The results of this pilot study in Nuremberg constitute a sound basis to further develop the methodology.  Following its success, the consortium was able to secure financial support from Climate KIC’s Low Carbon City Lab (LoCaL), an initiative that brings together cities, business, academia and NGO’s to deliver high environmental and societal impact. With this backing, the research partnership will expand and improve the methodology, focusing on short travel routes and taking into account local emission factors like airports, large-scale events, and types of vehicles on the road (i.e. electric cars and SUVs). Moreover, the influence of factors such as traffic jams and red lights will be taken into account in order to make even more accurate estimations of the air pollution levels in a city.

  “The results from this pilot study exceed our expectations,” says Maximilian Groth, responsible for Business Development & Partnerships at Teralytics. “We are confident that we will soon be able to scale this product to cities worldwide to support urban planners in making our air cleaner and achieving the goals of the Paris Agreement at the lowest possible cost.”

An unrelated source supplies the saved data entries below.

(* Let $n\ge1$, let $f(x)=\sum_{i=0}^{n-1}a_ix^i$ and $g(x)=\sum_{i=0}^{n-1}b_ix^i$ be polynomials over $\mathbb{R}$, and let $\mathfrak{h}=f(\mathfrak{r})+\mathfrak{s}g(\mathfrak{r})\in\mathbb{R}[D_{2n}]$. Then the eigenvalues of the matrix $A(\mathfrak{h})A(\mathfrak{h})^T$ are $(|f(\xi^i)|\pm|g(\xi^i)|)^2$ for $i=0,1,\dots,n-1$, where $\xi=e^{2\pi\sqrt{-1}/n}$ and $|\cdot|$ is the complex absolute value. Consequently $|\mathfrak{h}|_{\rm Mat}\le\max\{|f(\xi^i)|+|g(\xi^i)| : i=0,1,\dots,n-1\}$.
   Context: $D_{2n}$ is the dihedral group of order $2n$ generated by $\mathfrak{r},\mathfrak{s}$ with $\mathfrak{r}^n=\mathfrak{s}^2=1$, $\mathfrak{s}\mathfrak{r}\mathfrak{s}=\mathfrak{r}^{-1}$. The group ring $\mathbb{R}[D_{2n}]$ is identified with $\mathbb{R}^{2n}$ via the basis of group elements (coefficient embedding). For $\mathfrak{h}\in\mathbb{R}[D_{2n}]$, $A(\mathfrak{h})$ is the $2n\times2n$ real matrix of the linear map $x\mapsto\mathfrak{h}x$ on $\mathbb{R}[D_{2n}]$ (the regular representation applied to $\mathfrak{h}$). The matrix norm is $|\mathfrak{h}|_{\rm Mat}=\sqrt{\text{largest eigenvalue of }A(\mathfrak{h})A(\mathfrak{h})^T}$. *)

theory Defs
  imports "Jordan_Normal_Form.Char_Poly"
begin

text \<open>Elements of the dihedral group D_{2n} are encoded as pairs (e,k) with e < 2, k < n,
  standing for s^e r^k.  Product: (s^e r^k)(s^e' r^k') = s^(e+e') r^(k+k') if e' = 0
  and = s^(e+1) r^(k'-k) if e' = 1 (using r^k s = s r^(-k)).\<close>

definition dih_carrier :: "nat \<Rightarrow> (nat \<times> nat) set" where
  "dih_carrier n = {0..<2} \<times> {0..<n}"

definition dih_mult :: "nat \<Rightarrow> nat \<times> nat \<Rightarrow> nat \<times> nat \<Rightarrow> nat \<times> nat" where
  "dih_mult n x y = (case x of (e, k) \<Rightarrow> case y of (e', k') \<Rightarrow>
     ((e + e') mod 2, (if e' = 0 then k + k' else k' + n - k) mod n))"

definition dih_elem :: "nat \<Rightarrow> nat \<Rightarrow> nat \<times> nat" where
  "dih_elem n i = (i div n, i mod n)"

definition gr_mult :: "nat \<Rightarrow> (nat \<times> nat \<Rightarrow> real) \<Rightarrow> (nat \<times> nat \<Rightarrow> real) \<Rightarrow> (nat \<times> nat \<Rightarrow> real)" where
  "gr_mult n u v = (\<lambda>z. \<Sum>x\<in>dih_carrier n. \<Sum>y\<in>dih_carrier n.
       (if dih_mult n x y = z then u x * v y else 0))"

definition gr_basis :: "nat \<times> nat \<Rightarrow> (nat \<times> nat \<Rightarrow> real)" where
  "gr_basis g = (\<lambda>z. if z = g then 1 else 0)"

definition regmat :: "nat \<Rightarrow> (nat \<times> nat \<Rightarrow> real) \<Rightarrow> real mat" where
  "regmat n h = mat (2*n) (2*n)
     (\<lambda>(i, j). gr_mult n h (gr_basis (dih_elem n j)) (dih_elem n i))"

text \<open>The element f(r) + s g(r), f = sum a_i x^i, g = sum b_i x^i (deg < n).\<close>

definition dih_elt :: "nat \<Rightarrow> (nat \<Rightarrow> real) \<Rightarrow> (nat \<Rightarrow> real) \<Rightarrow> (nat \<times> nat \<Rightarrow> real)" where
  "dih_elt n a b = (\<lambda>(e, k). if k < n then (if e = 0 then a k else if e = 1 then b k else 0) else 0)"

definition mat_norm :: "nat \<Rightarrow> (nat \<times> nat \<Rightarrow> real) \<Rightarrow> real" where
  "mat_norm n h = sqrt (Max {t. eigenvalue (regmat n h * transpose_mat (regmat n h)) t})"

definition poly_at :: "nat \<Rightarrow> (nat \<Rightarrow> real) \<Rightarrow> complex \<Rightarrow> complex" where
  "poly_at n a z = (\<Sum>k<n. complex_of_real (a k) * z ^ k)"

end

theory Submission
  imports Defs
begin

text \<open>Fix an n-th root of unity z = \<xi>^i and put F = f(z), G = g(z). The vectors
  (c0 z^k)_{k<n} followed by (c1 z^k)_{k<n} span a subspace invariant under A = A(h) and A^T, and
  A A^T acts on the coordinates (c0, c1) as a 2x2 matrix with eigenvectors (1, \<plusminus>\<sigma>), \<sigma> the phase
  of F * cnj G, and eigenvalues (|F| \<plusminus> |G|)^2. For i < n these 2n eigenvectors are pairwise
  orthogonal, hence they diagonalise A A^T. The norm bound follows from (|F| - |G|)^2 \<le> (|F| + |G|)^2.\<close>

lemma add_mod_eq_iff:
  assumes "k < n" "k' < n" "m < (n::nat)"
  shows "(k + k') mod n = m \<longleftrightarrow> k = (m + n - k') mod n"
proof (cases "k + k' < n")
  case True
  then show ?thesis using assms
    by (cases "m < k'") (auto simp: le_mod_geq)
next
  case False
  then have "(k + k') mod n = k + k' - n" using assms by (simp add: le_mod_geq)
  then show ?thesis using assms False
    by (cases "m < k'") (auto simp: le_mod_geq)
qed

lemma diff_mod_eq_iff:
  assumes "k < n" "k' < n" "m < (n::nat)"
  shows "(k' + n - k) mod n = m \<longleftrightarrow> k = (k' + n - m) mod n"
  using assms by (cases "k \<le> k'"; cases "m \<le> k'") (auto simp: le_mod_geq)

lemma neg_diff_mod:
  assumes "k < n" "k' < (n::nat)"
  shows "(n - (k + n - k') mod n) mod n = (k' + n - k) mod n"
  using assms by (cases "k < k'"; cases "k' < k") (auto simp: le_mod_geq mod_if)

lemma dih_mult_eq_iff:
  assumes "e < 2" "k < n" "e' < 2" "k' < n" "e2 < 2" "m < n"
  shows "dih_mult n (e,k) (e',k') = (e2,m) \<longleftrightarrow>
     (e,k) = (if e' = 0 then (e2, (m + n - k') mod n) else (1 - e2, (k' + n - m) mod n))"
proof (cases "e' = 0")
  case True
  then show ?thesis using assms add_mod_eq_iff[OF assms(2,4,6)]
    by (auto simp: dih_mult_def)
next
  case False
  then have "e' = 1" using assms by auto
  moreover have "(e + 1) mod 2 = e2 \<longleftrightarrow> e = 1 - e2" using assms
    by (cases e; cases e2) auto
  ultimately show ?thesis using assms diff_mod_eq_iff[OF assms(2,4,6)]
    by (auto simp: dih_mult_def)
qed

lemma finite_dih_carrier: "finite (dih_carrier n)"
  unfolding dih_carrier_def by auto

lemma gr_mult_gr_basis:
  assumes "y \<in> dih_carrier n"
  shows "gr_mult n u (gr_basis y) z = (\<Sum>x\<in>dih_carrier n. if dih_mult n x y = z then u x else 0)"
  unfolding gr_mult_def gr_basis_def
proof (rule sum.cong[OF refl])
  fix x
  have eq: "(\<lambda>y'. if dih_mult n x y' = z then u x * (if y' = y then 1 else 0) else 0)
     = (\<lambda>y'. if y' = y then (if dih_mult n x y = z then u x else 0) else 0)" by auto
  show "(\<Sum>y'\<in>dih_carrier n. if dih_mult n x y' = z then u x * (if y' = y then 1 else 0) else 0)
     = (if dih_mult n x y = z then u x else 0)"
    unfolding eq using assms finite_dih_carrier by simp
qed

lemma dim_regmat [simp]: "dim_row (regmat n h) = 2*n" "dim_col (regmat n h) = 2*n"
  by (simp_all add: regmat_def)

lemma regmat_carrier: "regmat n h \<in> carrier_mat (2*n) (2*n)"
  by (simp add: carrier_matI)
(* Let $\mathcal C=(X,\{\succsim_i\}_{i\in N\cup\{A\}})$ be a collective choice problem satisfying Generic Finite Alternatives. Then the following holds if and only if $\mathcal C$ is Manipulable: for every game (amendment procedure) with at least $|X|-1$ rounds and for every initial default $x^0\in X$, in every equilibrium the implemented policy is the agenda setter's favorite policy (with probability one).
   Context: Collective choice problem: a set $N=\{1,\dots,n\}$ of voters with $n$ odd and a non-voting agenda setter $A$ choose a policy from a compact metrizable policy space $X$. Each player $i\in N\cup\{A\}$ has a complete, transitive, continuous preference $\succsim_i$ on $X$ with a continuous utility representation $u_i$. Write $x\succsim_M y$ (resp. $x\succ_M y$) if a strict majority of voters weakly (resp. strictly) prefer $x$ to $y$. $X_A^*=\arg\max_{x\in X}u_A(x)$ is the set of the agenda setter's favorite policies. A policy $x$ is Improvable if there is $y$ with $y\succ_A x$ and $y\succ_M x$, and Unimprovable otherwise. $\mathcal C$ is Manipulable if every $x\notin X_A^*$ is Improvable. $\mathcal C$ satisfies Generic Finite Alternatives if $X$ is finite and every $\succsim_i$ ($i\in N\cup\{A\}$) is antisymmetric (strict). Amendment procedure with $T$ rounds: an exogenous initial default $x^0$ is given; in each round $t=1,\dots,T$ the agenda setter proposes $a^t\in X$ (possibly equal to the default), which is put to a simultaneous vote against the current default $x^{t-1}$; if a majority of voters vote yes then $x^t=a^t$, otherwise $x^t=x^{t-1}$; the policy $x^T$ is implemented and determines payoffs. Players observe the full history of proposals and votes and may condition (possibly mixed) actions on it. Equilibrium means subgame perfect equilibrium with as-if-pivotal voting: at any history where, conditional on the proposal passing (resp. being rejected), the continuation outcome is $x$ (resp. $y$) irrespective of the composition of the current vote, every voter with a strict preference between $x$ and $y$ votes for the option leading to her preferred outcome. *)

theory Defs
  imports "HOL-Probability.Probability"
begin

(* Collective choice problem: policies = finite type 'a (X = UNIV), voters = finite type 'v
   (N = UNIV, |N| = CARD('v)), setter utility uA, voter utilities u i. *)

definition strict_majority :: "('v::finite \<Rightarrow> bool) \<Rightarrow> bool" where
  "strict_majority P \<longleftrightarrow> 2 * card {i. P i} > CARD('v)"

definition maj_strict_pref :: "('v::finite \<Rightarrow> 'a \<Rightarrow> real) \<Rightarrow> 'a \<Rightarrow> 'a \<Rightarrow> bool" where
  "maj_strict_pref u x y \<longleftrightarrow> strict_majority (\<lambda>i. u i x > u i y)"

definition fav :: "('a \<Rightarrow> real) \<Rightarrow> 'a set" where
  "fav uA = {x. \<forall>y. uA y \<le> uA x}"

definition improvable :: "('a \<Rightarrow> real) \<Rightarrow> ('v::finite \<Rightarrow> 'a \<Rightarrow> real) \<Rightarrow> 'a \<Rightarrow> bool" where
  "improvable uA u x \<longleftrightarrow> (\<exists>y. uA y > uA x \<and> maj_strict_pref u y x)"

definition manipulable :: "('a \<Rightarrow> real) \<Rightarrow> ('v::finite \<Rightarrow> 'a \<Rightarrow> real) \<Rightarrow> bool" where
  "manipulable uA u \<longleftrightarrow> (\<forall>x. x \<notin> fav uA \<longrightarrow> improvable uA u x)"

(* Generic Finite Alternatives: X finite (type class) and all preferences strict *)
definition generic_finite_alternatives :: "('a::finite \<Rightarrow> real) \<Rightarrow> ('v::finite \<Rightarrow> 'a \<Rightarrow> real) \<Rightarrow> bool" where
  "generic_finite_alternatives uA u \<longleftrightarrow> inj uA \<and> (\<forall>i. inj (u i))"

(* Amendment procedure.  A history is the list (in chronological order) of past rounds,
   each recorded as (proposal, vote profile). *)
type_synonym ('a, 'v) hist = "('a \<times> ('v \<Rightarrow> bool)) list"
type_synonym ('a, 'v) setter_strat = "('a, 'v) hist \<Rightarrow> 'a pmf"
type_synonym ('a, 'v) voter_strat = "('a, 'v) hist \<Rightarrow> 'a \<Rightarrow> bool pmf"
lemma io_guessable_on_sets:
  fixes X :: "'a::topological_space set" and f :: "'a \<Rightarrow> nat \<Rightarrow> nat" and A :: "'a \<Rightarrow> nat set"
  assumes "io_guessable X" and f: "\<And>n. (\<lambda>x. f x n) \<in> borel \<rightarrow>\<^sub>M count_space UNIV"
    and A: "\<And>n. Measurable.pred borel (\<lambda>x. n \<in> A x)" and A_inf: "\<And>x. x \<in> X \<Longrightarrow> infinite (A x)"
  shows "\<exists>g. \<forall>x\<in>X. infinite {n \<in> A x. f x n = g n}"
proof -
  have "(\<lambda>x. enumerate (A x) r) \<in> borel \<rightarrow>\<^sub>M count_space UNIV" for r
    using A by (rule measurable_enumerate)
  then have "\<exists>g. \<forall>x\<in>X. infinite {n \<in> range (enumerate (A x)). f x n = g n}"
    using A_inf by (intro io_guessable_along_injections[OF assms(1) f]) (auto intro: inj_enumerate)
  then show ?thesis
    using A_inf by (simp add: range_enumerate)
qed

lemma strict_mono_interval_cover:
  fixes p :: "nat \<Rightarrow> nat"
  assumes "strict_mono p" "p 0 = 0"
  shows "\<exists>i. p i \<le> n \<and> n < p (Suc i)"
proof (induction n)
  case 0
  have "p 0 < p (Suc 0)"
    using assms(1) by (rule strict_monoD) simp
  then show ?case
    using assms(2) by auto
next
  case (Suc n)
  then obtain i where i: "p i \<le> n" "n < p (Suc i)"
    by blast
  show ?case
  proof (cases "Suc n < p (Suc i)")
    case False
    then have "p (Suc i) = Suc n"
      using i(2) by simp
    moreover have "p (Suc i) < p (Suc (Suc i))"
      using assms(1) by (rule strict_monoD) simp
    ultimately show ?thesis
      by (metis order_refl)
  qed (use i in \<open>auto intro: exI[of _ i]\<close>)
qed

lemma interval_partition_catches_majorant:
  fixes M h p :: "nat \<Rightarrow> nat"
  assumes M: "mono M" and p: "strict_mono p" "p 0 = 0"
    and h_le_p: "\<And>m i. m \<le> p i \<Longrightarrow> h m \<le> p (Suc i)"
    and guessed: "infinite {n. M (M n) = h n}"
  shows "infinite {i. M (p i) \<le> p (Suc i)}"
  unfolding infinite_nat_iff_unbounded_le
proof
  fix i0
  obtain n where n: "p i0 \<le> n" "M (M n) = h n"
    using guessed unfolding infinite_nat_iff_unbounded_le by blast
  obtain i where i: "p i \<le> n" "n < p (Suc i)"
    using strict_mono_interval_cover[OF p] by blast
  have "p i0 < p (Suc i)"
    using n(1) i(2) by linarith
  then have "i0 \<le> i"
    by (simp add: strict_mono_less[OF p(1)])
  show "\<exists>j\<ge>i0. j \<in> {i. M (p i) \<le> p (Suc i)}"
  proof (cases "M (p i) \<le> p (Suc i)")
    case True
    then show ?thesis
      using \<open>i0 \<le> i\<close> by blast
  next
    case False
    \<comment> \<open>then the next interval is long enough, since \<open>h\<close> is guessed correctly at \<open>n\<close>\<close>
    then have "p (Suc i) \<le> M n"
      using M i(1) by (meson le_trans mono_def nat_le_linear)
    then have "M (p (Suc i)) \<le> h n"
      using M n(2) by (metis monoD)
    also have "h n \<le> p (Suc (Suc i))"
      using i(2) by (intro h_le_p) simp
    finally show ?thesis
      using \<open>i0 \<le> i\<close> by (intro exI[of _ "Suc i"]) simp
  qed
qed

  This research follows other successful studies on usage of mobile network data, including a  smart data analysis for transport in Stuttgart by Teralytics, Telefónica Germany, and Fraunhofer IAO.

  Additional comments on the topic:

  “Approximately 70 per cent of global greenhouse gas emissions are generated in cities, meaning that they play a key role in climate protection. We see great potential in the use of continuously generated data, such as mobile network data, to measure and reduce pollution levels in cities." States Renat Heuberger, CEO of South Pole Group.

  Florian Marquart, Managing Director of Telefónica NEXT for Advanced Data Analytics: “The pilot project in Nuremberg has clearly shown the specific added value of anonymised mobile network data for the environment. This is data from people for people. We see great potential in the results and will start the next phase of our research. The goal is to develop a product that German cities, German states and the German federal government can use to better face the challenges of emissions pollution”.